Task statement:
Find every line below with the string "random" and pick it out.

Recorded data:
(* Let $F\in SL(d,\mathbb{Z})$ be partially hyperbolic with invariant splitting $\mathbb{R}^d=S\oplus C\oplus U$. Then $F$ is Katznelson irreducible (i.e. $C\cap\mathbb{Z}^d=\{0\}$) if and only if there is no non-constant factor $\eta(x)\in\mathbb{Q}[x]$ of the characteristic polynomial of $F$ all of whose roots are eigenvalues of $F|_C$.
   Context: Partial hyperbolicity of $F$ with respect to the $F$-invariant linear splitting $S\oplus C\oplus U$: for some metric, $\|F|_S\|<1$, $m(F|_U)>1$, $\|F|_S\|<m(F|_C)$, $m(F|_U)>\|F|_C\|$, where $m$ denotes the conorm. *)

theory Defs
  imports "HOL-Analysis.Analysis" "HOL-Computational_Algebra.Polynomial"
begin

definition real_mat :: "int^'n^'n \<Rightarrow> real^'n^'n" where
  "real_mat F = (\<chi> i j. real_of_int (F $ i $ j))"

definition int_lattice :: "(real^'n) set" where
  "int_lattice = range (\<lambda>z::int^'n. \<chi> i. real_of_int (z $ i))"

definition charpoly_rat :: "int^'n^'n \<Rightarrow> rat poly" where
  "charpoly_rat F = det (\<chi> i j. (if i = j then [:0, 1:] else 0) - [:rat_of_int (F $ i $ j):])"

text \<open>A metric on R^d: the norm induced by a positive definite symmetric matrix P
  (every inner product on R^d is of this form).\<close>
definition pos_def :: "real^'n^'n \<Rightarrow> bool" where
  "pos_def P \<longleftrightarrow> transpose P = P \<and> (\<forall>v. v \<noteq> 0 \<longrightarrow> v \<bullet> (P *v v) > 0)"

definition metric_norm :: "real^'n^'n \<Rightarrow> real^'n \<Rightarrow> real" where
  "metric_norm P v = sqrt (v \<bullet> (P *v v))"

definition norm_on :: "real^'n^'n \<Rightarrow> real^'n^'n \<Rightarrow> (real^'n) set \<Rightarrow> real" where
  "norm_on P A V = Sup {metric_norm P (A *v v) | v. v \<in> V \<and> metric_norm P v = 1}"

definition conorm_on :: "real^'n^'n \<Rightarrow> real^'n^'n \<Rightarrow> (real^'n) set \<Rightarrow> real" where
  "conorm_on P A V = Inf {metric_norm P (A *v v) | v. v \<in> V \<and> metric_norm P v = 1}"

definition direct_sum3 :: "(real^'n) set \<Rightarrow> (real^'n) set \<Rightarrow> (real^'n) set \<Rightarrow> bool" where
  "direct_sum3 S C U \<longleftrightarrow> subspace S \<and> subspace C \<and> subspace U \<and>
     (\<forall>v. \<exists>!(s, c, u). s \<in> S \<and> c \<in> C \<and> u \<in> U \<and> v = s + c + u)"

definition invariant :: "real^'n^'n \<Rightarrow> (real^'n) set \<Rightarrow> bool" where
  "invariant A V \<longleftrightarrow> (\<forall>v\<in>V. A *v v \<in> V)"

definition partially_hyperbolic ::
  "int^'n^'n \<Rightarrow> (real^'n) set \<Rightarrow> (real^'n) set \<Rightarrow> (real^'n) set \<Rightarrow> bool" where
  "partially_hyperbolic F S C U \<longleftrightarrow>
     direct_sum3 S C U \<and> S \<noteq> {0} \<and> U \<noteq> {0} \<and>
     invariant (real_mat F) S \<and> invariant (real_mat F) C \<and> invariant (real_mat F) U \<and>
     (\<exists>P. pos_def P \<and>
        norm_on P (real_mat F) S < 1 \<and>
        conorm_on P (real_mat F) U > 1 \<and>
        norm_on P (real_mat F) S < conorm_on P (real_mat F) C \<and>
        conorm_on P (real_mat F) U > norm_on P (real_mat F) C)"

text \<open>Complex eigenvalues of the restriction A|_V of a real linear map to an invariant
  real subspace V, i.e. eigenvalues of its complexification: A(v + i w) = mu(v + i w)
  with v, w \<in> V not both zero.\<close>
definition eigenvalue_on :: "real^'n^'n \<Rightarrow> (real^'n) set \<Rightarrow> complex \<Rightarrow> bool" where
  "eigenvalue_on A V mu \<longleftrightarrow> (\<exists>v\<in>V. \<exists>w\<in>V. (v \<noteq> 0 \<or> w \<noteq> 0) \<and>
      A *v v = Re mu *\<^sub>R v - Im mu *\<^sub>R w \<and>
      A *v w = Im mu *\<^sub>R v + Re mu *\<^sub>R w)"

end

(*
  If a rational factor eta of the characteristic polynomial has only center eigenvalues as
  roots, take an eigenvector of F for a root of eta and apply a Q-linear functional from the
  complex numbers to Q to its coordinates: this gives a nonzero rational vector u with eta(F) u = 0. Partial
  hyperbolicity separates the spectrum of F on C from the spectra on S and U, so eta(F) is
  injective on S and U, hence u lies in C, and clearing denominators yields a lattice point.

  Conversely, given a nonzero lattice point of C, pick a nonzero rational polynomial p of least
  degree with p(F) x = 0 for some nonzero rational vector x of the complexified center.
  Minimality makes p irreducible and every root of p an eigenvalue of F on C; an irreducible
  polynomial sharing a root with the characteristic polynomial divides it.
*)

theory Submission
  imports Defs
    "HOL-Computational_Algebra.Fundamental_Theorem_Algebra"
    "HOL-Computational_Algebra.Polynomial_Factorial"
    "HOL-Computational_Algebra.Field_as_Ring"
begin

---

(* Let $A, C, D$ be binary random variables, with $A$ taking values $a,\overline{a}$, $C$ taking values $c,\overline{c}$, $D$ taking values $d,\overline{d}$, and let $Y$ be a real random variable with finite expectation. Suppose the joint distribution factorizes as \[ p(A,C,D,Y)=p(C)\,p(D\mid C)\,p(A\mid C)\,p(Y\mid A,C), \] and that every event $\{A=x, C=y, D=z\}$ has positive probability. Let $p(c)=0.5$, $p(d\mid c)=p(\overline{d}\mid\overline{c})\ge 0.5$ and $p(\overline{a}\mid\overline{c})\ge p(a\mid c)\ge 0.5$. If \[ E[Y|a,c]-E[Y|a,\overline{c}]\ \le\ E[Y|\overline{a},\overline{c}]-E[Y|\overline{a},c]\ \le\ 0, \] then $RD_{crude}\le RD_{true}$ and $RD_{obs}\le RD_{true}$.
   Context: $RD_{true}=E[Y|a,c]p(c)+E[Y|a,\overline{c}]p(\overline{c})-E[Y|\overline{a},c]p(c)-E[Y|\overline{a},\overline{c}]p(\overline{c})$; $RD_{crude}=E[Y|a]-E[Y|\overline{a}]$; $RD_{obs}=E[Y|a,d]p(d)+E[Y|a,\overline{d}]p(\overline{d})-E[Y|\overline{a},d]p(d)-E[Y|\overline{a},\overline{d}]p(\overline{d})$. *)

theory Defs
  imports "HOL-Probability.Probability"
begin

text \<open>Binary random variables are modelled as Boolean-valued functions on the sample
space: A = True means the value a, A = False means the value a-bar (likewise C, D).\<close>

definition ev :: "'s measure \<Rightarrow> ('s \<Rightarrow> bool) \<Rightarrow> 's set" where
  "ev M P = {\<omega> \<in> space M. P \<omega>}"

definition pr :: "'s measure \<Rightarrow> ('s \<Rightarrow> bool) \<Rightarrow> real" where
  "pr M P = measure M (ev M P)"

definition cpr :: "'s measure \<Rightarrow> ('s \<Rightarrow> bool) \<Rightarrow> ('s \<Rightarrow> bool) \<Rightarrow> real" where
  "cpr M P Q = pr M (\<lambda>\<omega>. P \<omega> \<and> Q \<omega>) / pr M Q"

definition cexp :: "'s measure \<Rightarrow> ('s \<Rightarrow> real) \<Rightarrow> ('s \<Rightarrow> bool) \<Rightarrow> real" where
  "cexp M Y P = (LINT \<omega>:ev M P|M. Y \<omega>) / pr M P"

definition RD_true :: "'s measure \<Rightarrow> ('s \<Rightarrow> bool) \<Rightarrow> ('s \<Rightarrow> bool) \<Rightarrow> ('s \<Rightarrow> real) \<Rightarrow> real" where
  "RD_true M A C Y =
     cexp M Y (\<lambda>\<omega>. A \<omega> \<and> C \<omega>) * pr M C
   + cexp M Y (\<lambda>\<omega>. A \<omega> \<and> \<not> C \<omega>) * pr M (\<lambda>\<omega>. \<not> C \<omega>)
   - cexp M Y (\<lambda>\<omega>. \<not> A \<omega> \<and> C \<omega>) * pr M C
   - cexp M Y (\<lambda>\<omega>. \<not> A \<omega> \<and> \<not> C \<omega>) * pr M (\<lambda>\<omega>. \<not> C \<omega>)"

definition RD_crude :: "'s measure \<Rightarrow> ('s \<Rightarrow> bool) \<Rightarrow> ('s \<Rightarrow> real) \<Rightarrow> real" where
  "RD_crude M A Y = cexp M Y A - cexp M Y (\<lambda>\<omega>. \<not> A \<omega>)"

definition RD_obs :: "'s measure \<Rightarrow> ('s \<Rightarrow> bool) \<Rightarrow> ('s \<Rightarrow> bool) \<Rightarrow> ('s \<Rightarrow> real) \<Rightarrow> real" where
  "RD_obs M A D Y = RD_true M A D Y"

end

---

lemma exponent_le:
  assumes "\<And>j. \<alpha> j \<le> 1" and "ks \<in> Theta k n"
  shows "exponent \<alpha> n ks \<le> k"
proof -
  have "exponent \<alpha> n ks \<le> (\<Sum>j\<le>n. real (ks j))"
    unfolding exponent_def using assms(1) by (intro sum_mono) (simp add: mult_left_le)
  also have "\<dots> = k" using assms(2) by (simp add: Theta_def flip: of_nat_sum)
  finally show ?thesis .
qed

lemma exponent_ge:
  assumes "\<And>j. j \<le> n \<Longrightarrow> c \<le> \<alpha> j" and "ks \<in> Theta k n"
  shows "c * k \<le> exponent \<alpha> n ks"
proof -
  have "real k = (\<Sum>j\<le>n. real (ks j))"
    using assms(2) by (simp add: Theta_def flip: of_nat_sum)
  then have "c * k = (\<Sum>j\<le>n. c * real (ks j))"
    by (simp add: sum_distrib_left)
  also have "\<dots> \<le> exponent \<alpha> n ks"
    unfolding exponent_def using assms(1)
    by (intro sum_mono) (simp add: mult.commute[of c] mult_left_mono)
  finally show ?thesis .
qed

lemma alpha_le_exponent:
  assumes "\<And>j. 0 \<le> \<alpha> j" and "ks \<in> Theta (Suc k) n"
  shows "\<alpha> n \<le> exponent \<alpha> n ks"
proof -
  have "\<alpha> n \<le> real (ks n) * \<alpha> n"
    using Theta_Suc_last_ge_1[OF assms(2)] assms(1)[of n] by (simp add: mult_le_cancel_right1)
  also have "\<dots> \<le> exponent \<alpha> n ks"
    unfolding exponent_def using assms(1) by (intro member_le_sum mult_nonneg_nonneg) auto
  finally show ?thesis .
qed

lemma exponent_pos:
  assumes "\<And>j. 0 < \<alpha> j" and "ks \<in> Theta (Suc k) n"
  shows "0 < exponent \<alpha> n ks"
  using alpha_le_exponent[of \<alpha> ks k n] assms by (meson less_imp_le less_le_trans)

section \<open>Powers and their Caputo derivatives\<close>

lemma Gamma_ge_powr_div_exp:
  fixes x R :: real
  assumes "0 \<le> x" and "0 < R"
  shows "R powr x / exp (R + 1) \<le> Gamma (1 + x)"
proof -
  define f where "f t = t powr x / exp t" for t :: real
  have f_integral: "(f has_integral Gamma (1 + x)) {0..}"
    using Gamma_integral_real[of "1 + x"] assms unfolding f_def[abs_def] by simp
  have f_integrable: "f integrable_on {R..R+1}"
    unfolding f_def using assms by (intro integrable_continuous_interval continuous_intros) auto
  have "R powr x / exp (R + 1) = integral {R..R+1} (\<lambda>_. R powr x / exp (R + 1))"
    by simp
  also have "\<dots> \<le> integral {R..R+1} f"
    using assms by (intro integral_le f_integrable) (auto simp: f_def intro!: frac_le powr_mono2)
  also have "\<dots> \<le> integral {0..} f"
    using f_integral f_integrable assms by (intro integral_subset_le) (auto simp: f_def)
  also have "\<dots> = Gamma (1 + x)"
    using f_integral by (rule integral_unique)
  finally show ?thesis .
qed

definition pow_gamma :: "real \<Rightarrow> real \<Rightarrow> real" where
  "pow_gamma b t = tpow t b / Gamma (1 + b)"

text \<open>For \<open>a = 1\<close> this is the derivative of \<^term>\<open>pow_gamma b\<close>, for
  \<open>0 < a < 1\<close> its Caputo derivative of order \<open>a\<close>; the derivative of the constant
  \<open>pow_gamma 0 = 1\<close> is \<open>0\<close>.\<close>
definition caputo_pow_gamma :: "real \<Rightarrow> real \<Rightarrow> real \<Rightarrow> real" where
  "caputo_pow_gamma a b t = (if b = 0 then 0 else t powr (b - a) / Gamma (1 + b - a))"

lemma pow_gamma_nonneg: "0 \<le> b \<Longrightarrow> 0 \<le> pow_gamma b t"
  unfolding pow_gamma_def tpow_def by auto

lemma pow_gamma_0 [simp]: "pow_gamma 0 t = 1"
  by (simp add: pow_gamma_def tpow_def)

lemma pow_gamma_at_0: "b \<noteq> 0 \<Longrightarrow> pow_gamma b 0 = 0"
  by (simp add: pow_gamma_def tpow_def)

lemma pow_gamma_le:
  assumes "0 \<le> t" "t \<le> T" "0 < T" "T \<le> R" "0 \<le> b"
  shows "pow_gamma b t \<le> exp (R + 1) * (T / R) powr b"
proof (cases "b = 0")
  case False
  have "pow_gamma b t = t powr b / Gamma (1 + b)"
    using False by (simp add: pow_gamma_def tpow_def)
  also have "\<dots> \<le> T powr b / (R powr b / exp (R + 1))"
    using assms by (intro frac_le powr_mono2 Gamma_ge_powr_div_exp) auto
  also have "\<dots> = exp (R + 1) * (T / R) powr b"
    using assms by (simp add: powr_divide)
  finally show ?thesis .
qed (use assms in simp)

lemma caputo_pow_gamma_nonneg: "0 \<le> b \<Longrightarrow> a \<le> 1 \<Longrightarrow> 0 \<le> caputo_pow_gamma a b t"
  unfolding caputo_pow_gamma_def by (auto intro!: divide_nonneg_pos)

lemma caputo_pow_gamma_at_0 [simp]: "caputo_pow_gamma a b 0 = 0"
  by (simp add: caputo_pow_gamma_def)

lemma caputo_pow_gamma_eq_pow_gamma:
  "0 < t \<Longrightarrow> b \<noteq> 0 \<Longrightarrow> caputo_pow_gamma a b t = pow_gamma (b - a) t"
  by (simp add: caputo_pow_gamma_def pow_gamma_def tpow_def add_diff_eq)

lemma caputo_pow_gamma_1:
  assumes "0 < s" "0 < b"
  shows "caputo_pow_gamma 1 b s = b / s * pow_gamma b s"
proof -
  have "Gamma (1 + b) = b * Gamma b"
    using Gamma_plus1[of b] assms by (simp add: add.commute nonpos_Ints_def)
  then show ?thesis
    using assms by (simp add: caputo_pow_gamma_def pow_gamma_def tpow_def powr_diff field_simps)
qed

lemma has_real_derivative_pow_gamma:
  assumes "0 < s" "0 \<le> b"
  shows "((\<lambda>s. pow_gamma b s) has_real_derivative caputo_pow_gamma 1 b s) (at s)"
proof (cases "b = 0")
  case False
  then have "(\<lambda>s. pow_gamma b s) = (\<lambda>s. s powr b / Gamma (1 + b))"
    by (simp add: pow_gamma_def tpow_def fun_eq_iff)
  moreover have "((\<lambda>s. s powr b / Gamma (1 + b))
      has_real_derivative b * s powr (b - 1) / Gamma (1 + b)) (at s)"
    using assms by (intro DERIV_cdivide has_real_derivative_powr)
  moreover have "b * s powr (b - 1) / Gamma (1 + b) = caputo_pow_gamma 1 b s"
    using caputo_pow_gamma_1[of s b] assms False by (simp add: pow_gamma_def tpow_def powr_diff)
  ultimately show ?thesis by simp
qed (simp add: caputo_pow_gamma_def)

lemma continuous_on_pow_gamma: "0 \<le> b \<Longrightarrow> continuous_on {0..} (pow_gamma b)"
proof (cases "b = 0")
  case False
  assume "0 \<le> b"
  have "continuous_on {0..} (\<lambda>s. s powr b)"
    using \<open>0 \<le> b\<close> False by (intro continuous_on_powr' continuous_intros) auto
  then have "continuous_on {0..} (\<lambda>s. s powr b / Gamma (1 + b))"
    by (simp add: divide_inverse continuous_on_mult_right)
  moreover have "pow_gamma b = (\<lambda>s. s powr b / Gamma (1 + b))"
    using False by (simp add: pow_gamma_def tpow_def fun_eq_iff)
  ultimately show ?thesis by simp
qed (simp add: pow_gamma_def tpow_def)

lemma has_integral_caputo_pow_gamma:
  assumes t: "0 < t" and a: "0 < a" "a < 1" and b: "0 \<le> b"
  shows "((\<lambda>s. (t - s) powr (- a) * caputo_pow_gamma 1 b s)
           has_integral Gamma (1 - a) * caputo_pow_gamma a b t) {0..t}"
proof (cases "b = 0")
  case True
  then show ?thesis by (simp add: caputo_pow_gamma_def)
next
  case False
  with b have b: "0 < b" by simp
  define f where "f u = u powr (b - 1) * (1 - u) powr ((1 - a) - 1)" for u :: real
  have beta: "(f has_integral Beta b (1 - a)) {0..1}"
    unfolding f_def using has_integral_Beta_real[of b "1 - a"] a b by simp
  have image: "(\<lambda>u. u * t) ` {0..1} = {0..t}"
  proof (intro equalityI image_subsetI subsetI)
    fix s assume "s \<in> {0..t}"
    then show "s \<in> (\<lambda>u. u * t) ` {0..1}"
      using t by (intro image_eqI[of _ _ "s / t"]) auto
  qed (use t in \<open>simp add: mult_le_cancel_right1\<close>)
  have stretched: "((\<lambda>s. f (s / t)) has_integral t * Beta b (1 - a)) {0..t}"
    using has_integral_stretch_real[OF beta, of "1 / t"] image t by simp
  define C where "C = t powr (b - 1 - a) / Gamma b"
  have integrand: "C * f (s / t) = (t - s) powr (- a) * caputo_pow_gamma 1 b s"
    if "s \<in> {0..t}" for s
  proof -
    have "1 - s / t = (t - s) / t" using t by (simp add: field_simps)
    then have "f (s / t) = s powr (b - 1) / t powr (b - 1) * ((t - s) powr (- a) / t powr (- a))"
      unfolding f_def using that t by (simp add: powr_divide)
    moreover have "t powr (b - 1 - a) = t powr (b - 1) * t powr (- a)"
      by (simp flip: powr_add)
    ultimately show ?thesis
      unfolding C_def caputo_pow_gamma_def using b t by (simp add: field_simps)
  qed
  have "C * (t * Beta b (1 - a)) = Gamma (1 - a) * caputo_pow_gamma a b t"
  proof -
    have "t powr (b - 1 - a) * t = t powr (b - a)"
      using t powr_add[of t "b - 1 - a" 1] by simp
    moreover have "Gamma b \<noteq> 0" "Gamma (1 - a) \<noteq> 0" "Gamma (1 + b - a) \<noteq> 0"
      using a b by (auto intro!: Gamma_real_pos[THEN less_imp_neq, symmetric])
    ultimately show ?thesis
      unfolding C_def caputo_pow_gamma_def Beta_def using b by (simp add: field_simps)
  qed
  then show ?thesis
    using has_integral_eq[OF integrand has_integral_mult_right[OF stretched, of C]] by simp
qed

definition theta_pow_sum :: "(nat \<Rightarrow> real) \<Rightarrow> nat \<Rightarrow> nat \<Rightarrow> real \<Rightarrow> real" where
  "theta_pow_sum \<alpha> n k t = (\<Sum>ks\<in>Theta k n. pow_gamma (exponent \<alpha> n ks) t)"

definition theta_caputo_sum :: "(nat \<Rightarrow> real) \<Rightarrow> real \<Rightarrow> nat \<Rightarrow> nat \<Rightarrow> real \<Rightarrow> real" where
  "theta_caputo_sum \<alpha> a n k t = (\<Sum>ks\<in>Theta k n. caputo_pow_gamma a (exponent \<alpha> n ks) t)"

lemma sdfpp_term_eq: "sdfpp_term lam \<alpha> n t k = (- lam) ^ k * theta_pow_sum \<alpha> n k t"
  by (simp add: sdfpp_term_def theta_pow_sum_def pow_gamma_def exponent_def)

Written reply:
(* Let $A, C, D$ be binary random variables, with $A$ taking values $a,\overline{a}$, $C$ taking values $c,\overline{c}$, $D$ taking values $d,\overline{d}$, and let $Y$ be a real random variable with finite expectation. Suppose the joint distribution factorizes as \[ p(A,C,D,Y)=p(C)\,p(D\mid C)\,p(A\mid C)\,p(Y\mid A,C), \] and that every event $\{A=x, C=y, D=z\}$ has positive probability. Let $p(c)=0.5$, $p(d\mid c)=p(\overline{d}\mid\overline{c})\ge 0.5$ and $p(\overline{a}\mid\overline{c})\ge p(a\mid c)\ge 0.5$. If \[ E[Y|a,c]-E[Y|a,\overline{c}]\ \le\ E[Y|\overline{a},\overline{c}]-E[Y|\overline{a},c]\ \le\ 0, \] then $RD_{crude}\le RD_{true}$ and $RD_{obs}\le RD_{true}$.
text \<open>Binary random variables are modelled as Boolean-valued functions on the sample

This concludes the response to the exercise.